▸ **WHAT IS EXPECTED**
Which lines hold the word "proof"? Copy each of them from the material.

****

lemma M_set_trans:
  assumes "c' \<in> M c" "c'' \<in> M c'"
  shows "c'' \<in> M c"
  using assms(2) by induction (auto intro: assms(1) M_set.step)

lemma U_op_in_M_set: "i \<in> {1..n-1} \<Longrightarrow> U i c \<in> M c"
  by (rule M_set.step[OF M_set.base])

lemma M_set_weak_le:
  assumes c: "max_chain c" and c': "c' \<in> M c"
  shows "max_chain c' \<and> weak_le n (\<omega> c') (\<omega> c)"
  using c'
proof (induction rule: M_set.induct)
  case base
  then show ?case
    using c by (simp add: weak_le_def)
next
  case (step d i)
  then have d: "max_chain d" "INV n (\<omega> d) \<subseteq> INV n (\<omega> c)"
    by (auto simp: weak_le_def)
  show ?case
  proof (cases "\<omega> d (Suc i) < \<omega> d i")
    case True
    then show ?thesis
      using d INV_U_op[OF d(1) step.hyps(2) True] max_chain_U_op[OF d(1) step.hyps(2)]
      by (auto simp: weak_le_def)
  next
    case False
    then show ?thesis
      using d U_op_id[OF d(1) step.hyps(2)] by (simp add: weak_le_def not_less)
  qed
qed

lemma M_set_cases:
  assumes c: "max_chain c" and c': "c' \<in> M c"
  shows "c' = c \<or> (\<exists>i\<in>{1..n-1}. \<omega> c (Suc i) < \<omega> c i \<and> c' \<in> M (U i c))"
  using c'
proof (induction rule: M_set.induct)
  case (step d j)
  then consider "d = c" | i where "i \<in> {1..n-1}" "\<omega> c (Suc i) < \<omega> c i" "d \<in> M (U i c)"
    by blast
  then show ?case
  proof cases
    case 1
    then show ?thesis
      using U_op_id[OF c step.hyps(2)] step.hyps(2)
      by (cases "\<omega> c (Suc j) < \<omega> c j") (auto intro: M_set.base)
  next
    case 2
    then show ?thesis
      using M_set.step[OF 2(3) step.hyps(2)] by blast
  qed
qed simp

****

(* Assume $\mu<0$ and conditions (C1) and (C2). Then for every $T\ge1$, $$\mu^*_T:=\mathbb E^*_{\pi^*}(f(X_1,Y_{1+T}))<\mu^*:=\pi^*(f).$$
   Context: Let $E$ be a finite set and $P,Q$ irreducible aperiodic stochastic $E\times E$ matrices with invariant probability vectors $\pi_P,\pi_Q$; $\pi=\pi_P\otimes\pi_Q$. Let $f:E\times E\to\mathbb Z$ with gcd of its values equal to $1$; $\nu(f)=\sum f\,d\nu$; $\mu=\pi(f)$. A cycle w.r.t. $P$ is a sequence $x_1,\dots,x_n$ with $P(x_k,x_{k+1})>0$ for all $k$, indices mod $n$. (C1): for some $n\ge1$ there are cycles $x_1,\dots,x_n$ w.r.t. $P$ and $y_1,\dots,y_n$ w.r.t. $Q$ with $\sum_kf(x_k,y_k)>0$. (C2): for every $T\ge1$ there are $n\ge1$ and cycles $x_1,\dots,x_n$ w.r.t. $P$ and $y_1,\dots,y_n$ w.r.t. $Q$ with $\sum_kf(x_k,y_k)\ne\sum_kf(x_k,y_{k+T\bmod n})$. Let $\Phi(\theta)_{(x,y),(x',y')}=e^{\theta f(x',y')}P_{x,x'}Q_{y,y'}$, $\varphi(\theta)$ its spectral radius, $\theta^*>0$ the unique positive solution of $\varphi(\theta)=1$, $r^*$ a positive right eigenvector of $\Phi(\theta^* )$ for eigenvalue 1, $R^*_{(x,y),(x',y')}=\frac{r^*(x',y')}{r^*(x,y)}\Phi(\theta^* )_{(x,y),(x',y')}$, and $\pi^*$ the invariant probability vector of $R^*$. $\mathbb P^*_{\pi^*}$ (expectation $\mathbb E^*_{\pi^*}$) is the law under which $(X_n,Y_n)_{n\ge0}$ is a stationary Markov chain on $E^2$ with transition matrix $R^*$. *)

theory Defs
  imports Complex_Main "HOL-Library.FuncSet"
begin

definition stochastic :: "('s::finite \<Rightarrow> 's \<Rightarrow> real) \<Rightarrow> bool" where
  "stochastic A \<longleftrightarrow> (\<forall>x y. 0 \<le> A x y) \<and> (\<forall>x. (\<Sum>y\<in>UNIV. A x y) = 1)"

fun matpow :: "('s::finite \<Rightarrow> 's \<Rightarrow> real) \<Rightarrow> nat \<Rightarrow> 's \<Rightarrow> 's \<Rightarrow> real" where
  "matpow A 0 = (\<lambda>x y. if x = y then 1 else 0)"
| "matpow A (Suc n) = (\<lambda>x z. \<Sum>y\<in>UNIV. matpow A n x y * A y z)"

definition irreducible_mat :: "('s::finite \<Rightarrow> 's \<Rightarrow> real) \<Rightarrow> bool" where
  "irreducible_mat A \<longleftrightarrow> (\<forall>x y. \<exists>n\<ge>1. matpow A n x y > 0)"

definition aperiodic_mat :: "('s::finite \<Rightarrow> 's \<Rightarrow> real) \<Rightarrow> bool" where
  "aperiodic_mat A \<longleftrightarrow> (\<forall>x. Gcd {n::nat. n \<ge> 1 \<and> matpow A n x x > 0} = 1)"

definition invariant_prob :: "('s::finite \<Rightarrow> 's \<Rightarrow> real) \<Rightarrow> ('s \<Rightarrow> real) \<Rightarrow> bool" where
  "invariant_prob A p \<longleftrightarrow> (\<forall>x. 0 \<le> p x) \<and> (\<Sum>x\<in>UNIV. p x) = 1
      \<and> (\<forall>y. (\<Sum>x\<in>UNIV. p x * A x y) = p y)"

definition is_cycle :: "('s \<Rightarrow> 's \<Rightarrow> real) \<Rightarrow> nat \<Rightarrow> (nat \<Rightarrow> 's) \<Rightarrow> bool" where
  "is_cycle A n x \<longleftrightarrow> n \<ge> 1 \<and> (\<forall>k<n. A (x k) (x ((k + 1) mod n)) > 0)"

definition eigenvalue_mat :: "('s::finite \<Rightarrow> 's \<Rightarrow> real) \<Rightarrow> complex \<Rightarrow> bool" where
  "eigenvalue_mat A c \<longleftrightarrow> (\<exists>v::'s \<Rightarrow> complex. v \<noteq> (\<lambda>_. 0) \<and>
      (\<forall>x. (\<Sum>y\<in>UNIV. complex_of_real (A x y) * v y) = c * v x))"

****

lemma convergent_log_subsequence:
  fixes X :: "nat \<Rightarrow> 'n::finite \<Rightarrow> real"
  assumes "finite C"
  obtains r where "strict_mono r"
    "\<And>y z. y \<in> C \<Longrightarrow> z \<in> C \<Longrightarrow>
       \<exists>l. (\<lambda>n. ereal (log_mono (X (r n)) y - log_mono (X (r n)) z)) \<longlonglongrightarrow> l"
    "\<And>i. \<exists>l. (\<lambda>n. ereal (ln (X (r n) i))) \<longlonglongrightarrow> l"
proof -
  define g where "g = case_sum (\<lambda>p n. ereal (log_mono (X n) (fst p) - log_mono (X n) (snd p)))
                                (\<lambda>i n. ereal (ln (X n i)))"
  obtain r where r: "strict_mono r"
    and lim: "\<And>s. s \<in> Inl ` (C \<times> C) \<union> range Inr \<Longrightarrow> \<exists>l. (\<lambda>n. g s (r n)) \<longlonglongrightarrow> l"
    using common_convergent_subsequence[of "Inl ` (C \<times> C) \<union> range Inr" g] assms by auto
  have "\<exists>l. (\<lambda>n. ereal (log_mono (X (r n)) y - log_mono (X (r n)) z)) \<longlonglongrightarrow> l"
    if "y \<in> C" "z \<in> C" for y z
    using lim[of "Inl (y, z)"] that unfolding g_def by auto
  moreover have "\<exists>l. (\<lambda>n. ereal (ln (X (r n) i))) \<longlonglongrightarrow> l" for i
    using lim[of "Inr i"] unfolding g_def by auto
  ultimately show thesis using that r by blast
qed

****

▸ **YOUR RESPONSE**
proof (induction rule: M_set.induct)
  proof (cases "\<omega> d (Suc i) < \<omega> d i")
proof (induction rule: M_set.induct)
  proof cases
proof -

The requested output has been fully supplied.